> Problem
Pull out every line below containing the word "then".

> Record set
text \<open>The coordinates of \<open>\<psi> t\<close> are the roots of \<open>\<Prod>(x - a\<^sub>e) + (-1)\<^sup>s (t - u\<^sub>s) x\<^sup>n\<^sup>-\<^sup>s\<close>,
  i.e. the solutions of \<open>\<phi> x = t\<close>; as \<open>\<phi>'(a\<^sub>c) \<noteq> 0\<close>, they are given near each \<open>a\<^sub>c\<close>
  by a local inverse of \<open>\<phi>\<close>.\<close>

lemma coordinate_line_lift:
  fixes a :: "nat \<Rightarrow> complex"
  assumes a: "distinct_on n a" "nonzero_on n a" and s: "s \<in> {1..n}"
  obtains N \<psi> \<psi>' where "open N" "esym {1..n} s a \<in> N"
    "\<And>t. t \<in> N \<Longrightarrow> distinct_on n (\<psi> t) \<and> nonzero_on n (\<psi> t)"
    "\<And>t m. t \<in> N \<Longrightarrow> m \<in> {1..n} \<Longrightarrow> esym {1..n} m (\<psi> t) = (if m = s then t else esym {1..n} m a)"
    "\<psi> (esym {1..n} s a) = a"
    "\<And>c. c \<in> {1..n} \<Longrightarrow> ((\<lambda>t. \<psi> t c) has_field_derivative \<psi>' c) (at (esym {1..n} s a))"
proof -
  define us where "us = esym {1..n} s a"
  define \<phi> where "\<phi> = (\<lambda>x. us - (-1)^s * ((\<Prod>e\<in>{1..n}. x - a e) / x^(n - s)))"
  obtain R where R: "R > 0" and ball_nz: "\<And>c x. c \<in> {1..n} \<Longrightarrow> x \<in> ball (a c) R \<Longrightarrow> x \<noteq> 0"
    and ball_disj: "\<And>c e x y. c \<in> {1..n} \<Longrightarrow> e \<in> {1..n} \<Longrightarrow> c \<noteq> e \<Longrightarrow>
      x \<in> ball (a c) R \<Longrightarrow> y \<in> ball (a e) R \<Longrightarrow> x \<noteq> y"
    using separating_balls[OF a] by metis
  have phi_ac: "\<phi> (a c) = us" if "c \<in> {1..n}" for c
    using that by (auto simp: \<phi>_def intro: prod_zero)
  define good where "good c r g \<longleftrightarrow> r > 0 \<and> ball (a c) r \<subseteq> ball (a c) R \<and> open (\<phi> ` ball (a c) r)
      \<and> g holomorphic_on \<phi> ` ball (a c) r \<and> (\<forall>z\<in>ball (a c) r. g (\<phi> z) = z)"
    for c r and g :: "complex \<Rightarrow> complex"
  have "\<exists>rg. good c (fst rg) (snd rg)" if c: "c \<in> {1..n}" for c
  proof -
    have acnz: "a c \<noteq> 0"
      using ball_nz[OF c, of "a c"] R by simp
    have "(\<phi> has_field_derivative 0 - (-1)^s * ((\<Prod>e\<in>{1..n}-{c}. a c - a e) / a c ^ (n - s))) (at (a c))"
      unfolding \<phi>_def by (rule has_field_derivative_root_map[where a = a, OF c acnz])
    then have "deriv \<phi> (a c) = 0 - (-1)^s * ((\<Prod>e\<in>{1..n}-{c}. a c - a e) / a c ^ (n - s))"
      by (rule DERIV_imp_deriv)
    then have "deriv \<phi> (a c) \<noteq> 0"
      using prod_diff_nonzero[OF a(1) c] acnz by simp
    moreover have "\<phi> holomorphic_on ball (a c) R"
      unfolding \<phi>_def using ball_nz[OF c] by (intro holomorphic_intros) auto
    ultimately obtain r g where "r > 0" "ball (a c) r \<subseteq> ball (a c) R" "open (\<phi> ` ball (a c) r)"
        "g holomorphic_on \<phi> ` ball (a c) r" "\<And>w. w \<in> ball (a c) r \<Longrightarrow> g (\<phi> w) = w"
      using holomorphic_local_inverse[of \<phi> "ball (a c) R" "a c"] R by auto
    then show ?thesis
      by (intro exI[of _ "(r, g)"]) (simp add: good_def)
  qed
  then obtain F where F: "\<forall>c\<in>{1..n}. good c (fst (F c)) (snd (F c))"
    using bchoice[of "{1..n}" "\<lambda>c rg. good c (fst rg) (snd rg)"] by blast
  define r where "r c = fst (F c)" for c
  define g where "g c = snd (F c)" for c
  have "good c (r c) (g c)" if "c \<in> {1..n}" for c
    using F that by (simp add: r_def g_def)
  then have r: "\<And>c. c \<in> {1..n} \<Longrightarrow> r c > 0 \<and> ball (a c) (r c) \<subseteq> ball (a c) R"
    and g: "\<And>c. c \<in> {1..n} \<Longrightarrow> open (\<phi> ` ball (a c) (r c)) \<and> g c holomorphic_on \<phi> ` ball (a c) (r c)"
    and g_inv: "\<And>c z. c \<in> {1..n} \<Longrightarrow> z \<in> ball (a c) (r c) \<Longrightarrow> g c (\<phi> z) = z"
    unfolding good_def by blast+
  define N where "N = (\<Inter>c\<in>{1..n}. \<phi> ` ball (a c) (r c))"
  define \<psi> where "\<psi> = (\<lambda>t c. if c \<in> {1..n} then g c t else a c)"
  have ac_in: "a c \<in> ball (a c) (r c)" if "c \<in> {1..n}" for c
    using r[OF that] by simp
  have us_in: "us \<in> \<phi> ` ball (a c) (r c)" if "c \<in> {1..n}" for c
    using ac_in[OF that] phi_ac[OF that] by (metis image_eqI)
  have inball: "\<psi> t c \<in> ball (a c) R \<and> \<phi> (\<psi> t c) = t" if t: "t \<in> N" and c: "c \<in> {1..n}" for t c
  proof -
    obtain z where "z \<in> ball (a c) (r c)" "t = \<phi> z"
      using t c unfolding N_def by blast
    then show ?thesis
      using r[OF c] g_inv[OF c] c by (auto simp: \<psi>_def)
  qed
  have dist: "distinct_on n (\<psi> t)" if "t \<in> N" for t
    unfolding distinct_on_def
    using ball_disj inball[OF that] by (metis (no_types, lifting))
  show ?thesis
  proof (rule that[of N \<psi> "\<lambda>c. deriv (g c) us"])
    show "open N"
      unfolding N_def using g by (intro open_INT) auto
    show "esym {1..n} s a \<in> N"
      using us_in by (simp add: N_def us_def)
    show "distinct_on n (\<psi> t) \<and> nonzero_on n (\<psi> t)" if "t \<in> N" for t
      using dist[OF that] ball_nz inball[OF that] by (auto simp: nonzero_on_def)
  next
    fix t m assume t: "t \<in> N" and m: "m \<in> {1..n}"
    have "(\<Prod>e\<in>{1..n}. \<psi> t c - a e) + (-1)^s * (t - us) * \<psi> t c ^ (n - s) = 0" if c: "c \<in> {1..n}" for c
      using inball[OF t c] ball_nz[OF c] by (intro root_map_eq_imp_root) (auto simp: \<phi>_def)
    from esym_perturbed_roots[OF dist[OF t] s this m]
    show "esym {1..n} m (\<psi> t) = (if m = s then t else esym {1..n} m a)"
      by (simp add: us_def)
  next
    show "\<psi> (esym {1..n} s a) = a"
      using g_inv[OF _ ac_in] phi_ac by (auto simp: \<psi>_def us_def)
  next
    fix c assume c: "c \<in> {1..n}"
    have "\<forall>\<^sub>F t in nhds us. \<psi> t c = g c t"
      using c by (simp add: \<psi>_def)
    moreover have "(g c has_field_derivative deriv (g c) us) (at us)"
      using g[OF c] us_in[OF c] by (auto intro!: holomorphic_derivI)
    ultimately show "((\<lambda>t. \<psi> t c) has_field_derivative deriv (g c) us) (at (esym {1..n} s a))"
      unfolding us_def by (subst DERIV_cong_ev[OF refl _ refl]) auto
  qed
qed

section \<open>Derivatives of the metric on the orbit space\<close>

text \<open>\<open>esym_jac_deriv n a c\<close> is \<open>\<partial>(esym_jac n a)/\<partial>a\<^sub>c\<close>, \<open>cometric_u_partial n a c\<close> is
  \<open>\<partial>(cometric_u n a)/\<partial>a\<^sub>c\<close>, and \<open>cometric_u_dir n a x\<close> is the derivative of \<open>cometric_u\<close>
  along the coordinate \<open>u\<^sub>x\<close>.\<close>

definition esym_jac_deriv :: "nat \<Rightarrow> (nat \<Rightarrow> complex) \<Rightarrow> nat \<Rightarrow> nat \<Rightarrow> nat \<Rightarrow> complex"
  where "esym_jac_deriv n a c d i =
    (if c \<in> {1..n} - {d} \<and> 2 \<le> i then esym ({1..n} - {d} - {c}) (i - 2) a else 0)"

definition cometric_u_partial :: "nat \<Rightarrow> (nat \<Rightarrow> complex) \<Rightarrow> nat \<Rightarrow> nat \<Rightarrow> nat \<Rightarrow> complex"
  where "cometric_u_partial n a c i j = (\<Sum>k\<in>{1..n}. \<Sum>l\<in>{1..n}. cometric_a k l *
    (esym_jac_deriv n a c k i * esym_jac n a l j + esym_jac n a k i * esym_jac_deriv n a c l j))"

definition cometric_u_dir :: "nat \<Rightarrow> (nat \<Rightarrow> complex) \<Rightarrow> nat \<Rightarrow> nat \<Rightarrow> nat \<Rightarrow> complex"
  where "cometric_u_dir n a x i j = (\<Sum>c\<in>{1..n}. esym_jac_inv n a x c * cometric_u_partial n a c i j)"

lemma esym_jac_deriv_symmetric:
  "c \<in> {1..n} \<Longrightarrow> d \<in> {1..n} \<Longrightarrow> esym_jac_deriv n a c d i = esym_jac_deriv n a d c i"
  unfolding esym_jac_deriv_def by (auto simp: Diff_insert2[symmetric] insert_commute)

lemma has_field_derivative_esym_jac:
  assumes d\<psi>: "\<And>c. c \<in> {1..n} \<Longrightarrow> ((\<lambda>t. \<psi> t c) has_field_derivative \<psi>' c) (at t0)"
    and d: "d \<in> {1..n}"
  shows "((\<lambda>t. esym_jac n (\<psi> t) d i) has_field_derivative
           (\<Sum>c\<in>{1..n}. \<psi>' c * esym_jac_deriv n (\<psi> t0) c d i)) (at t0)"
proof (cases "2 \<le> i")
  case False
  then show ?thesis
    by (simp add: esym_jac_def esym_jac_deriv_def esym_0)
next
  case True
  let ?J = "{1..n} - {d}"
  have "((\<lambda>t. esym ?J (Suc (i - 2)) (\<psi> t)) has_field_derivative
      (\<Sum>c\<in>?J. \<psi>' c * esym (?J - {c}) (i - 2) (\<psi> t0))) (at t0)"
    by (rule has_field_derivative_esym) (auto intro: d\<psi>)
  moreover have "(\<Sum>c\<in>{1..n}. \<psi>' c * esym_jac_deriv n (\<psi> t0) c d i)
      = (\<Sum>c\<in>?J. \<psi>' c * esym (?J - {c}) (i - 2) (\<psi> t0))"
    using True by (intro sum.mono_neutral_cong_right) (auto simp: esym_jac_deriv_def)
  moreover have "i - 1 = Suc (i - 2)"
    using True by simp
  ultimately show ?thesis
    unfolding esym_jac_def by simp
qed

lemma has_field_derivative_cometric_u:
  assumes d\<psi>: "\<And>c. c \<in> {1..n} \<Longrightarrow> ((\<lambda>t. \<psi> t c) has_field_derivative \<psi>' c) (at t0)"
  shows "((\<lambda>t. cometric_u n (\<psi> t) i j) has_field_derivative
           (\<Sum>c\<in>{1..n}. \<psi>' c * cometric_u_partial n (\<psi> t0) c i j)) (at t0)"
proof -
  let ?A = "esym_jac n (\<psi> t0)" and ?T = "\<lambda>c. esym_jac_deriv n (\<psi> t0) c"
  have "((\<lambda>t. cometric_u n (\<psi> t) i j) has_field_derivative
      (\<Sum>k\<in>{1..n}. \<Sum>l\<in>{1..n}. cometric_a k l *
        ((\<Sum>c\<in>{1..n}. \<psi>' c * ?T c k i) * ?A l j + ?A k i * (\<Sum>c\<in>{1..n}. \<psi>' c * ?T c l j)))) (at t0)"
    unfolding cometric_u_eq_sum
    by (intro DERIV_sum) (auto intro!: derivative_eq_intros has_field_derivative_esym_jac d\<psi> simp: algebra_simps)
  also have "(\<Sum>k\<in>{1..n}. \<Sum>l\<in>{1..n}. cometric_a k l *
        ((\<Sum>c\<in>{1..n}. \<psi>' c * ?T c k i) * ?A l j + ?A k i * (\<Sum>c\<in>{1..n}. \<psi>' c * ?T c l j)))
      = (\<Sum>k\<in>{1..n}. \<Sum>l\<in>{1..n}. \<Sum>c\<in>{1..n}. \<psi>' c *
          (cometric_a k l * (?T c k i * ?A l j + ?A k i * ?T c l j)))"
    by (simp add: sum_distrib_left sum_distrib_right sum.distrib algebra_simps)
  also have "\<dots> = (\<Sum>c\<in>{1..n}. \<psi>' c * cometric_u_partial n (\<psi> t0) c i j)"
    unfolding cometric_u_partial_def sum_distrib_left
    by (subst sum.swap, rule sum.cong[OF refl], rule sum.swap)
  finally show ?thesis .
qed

> Reply to the task
    "\<And>t m. t \<in> N \<Longrightarrow> m \<in> {1..n} \<Longrightarrow> esym {1..n} m (\<psi> t) = (if m = s then t else esym {1..n} m a)"
    then have "deriv \<phi> (a c) = 0 - (-1)^s * ((\<Prod>e\<in>{1..n}-{c}. a c - a e) / a c ^ (n - s))"
    then have "deriv \<phi> (a c) \<noteq> 0"
    then show ?thesis
  then obtain F where F: "\<forall>c\<in>{1..n}. good c (fst (F c)) (snd (F c))"
  then have r: "\<And>c. c \<in> {1..n} \<Longrightarrow> r c > 0 \<and> ball (a c) (r c) \<subseteq> ball (a c) R"
  define \<psi> where "\<psi> = (\<lambda>t c. if c \<in> {1..n} then g c t else a c)"
    then show ?thesis
    show "esym {1..n} m (\<psi> t) = (if m = s then t else esym {1..n} m a)"
    (if c \<in> {1..n} - {d} \<and> 2 \<le> i then esym ({1..n} - {d} - {c}) (i - 2) a else 0)"
  then show ?thesis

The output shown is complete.